Given entries:
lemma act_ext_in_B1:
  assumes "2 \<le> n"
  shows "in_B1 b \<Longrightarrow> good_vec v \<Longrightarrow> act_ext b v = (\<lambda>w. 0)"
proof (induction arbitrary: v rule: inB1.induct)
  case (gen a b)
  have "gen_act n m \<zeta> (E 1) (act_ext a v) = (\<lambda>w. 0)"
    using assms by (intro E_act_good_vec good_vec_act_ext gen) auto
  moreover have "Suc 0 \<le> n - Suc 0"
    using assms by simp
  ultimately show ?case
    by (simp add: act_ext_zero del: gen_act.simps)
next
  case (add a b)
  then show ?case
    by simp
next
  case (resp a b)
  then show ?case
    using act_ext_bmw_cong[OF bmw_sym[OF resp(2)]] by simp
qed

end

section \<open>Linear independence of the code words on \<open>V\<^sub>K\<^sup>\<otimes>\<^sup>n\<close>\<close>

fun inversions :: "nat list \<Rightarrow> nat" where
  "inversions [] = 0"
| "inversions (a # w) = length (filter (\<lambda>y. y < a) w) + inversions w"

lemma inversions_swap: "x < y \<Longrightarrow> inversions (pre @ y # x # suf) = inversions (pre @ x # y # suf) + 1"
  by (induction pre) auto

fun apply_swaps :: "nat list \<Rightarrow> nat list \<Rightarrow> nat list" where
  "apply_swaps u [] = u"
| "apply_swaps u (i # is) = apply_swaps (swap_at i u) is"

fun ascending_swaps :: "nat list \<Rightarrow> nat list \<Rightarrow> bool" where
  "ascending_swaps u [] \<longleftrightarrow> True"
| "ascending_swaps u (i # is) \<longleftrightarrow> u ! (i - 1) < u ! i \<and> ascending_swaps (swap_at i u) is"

What this task involves: Show each line of the material above where "inversions" occurs.

Exercise result:
fun inversions :: "nat list \<Rightarrow> nat" where
  "inversions [] = 0"
| "inversions (a # w) = length (filter (\<lambda>y. y < a) w) + inversions w"
lemma inversions_swap: "x < y \<Longrightarrow> inversions (pre @ y # x # suf) = inversions (pre @ x # y # suf) + 1"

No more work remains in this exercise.